(What needs to be done): Reproduce each line of the entries that carries "menu".

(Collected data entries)
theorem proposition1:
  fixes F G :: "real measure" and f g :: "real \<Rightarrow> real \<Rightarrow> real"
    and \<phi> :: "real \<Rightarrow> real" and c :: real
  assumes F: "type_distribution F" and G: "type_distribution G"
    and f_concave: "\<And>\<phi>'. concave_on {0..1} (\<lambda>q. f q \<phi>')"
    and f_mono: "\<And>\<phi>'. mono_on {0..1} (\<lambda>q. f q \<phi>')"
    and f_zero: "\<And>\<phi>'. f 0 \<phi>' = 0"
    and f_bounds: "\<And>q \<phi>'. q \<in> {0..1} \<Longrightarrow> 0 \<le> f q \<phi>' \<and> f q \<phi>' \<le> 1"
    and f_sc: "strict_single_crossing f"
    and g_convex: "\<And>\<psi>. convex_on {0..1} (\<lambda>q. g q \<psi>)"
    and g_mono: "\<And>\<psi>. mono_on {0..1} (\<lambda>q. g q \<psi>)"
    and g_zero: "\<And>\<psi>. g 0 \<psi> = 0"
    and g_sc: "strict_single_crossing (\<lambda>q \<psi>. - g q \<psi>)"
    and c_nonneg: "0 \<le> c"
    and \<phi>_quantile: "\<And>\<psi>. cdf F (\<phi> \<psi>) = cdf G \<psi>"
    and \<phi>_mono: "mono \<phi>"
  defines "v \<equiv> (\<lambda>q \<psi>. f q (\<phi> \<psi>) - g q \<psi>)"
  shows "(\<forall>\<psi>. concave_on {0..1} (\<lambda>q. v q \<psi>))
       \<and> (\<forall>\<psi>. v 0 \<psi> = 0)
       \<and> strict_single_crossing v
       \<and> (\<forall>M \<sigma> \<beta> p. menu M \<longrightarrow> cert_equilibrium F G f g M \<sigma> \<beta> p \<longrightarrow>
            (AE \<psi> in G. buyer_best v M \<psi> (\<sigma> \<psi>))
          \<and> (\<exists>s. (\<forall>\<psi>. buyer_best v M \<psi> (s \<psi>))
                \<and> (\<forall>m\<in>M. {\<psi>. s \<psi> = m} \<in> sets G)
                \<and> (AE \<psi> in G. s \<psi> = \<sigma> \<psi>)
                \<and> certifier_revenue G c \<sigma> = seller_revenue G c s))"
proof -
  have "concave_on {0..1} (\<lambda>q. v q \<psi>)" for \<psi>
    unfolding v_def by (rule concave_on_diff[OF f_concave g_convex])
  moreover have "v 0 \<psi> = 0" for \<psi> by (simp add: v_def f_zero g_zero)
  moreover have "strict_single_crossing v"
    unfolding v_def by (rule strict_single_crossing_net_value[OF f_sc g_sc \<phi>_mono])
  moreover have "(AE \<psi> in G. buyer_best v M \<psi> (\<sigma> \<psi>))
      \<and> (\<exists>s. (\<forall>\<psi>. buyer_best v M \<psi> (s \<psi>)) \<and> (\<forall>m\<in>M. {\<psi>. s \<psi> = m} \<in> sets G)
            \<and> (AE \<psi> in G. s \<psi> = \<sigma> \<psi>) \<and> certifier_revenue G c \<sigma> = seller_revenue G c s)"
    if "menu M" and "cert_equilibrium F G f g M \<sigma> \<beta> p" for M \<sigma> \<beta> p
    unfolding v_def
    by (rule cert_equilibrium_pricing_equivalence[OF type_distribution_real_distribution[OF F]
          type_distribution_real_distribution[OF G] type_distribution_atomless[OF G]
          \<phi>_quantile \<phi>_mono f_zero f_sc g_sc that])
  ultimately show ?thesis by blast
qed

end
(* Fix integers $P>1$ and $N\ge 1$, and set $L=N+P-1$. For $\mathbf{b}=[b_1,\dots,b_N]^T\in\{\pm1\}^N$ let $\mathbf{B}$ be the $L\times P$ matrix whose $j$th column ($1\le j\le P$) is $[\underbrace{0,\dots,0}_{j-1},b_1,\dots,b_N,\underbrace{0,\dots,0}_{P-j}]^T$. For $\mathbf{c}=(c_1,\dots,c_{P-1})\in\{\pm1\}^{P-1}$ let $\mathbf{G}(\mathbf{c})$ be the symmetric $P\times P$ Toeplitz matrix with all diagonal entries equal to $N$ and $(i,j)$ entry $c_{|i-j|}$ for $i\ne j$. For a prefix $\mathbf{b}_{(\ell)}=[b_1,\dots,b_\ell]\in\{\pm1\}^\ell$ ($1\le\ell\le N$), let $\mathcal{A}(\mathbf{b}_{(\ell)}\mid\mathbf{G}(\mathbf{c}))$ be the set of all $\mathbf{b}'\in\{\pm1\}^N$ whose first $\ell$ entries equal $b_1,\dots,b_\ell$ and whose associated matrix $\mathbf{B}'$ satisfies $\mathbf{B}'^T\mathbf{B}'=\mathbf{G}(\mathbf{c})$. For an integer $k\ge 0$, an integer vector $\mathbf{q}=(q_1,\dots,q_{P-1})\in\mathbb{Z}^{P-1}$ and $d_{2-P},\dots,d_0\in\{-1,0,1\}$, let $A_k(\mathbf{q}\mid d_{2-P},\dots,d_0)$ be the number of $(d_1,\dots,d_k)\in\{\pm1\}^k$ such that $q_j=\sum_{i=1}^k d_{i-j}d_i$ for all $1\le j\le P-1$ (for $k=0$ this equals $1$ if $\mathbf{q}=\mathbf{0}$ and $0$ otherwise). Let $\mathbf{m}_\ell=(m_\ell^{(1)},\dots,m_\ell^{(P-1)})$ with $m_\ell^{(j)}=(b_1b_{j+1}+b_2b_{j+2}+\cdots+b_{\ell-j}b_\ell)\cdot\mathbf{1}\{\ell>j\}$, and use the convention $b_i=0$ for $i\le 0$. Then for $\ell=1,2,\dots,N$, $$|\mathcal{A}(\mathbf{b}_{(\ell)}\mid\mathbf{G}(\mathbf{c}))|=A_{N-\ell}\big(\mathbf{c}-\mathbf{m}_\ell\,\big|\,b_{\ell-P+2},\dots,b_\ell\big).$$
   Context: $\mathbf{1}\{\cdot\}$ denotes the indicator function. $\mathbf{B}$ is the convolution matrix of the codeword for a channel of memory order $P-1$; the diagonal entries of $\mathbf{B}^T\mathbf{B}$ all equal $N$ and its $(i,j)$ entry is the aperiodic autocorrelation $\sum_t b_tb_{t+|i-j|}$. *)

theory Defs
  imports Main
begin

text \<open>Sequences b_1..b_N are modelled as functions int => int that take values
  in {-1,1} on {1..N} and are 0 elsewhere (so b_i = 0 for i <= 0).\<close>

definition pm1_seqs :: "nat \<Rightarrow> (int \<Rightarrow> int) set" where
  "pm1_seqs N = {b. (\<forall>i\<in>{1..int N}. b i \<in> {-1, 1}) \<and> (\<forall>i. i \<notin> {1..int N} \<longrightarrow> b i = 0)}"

(Answer space):
       \<and> (\<forall>M \<sigma> \<beta> p. menu M \<longrightarrow> cert_equilibrium F G f g M \<sigma> \<beta> p \<longrightarrow>
    if "menu M" and "cert_equilibrium F G f g M \<sigma> \<beta> p" for M \<sigma> \<beta> p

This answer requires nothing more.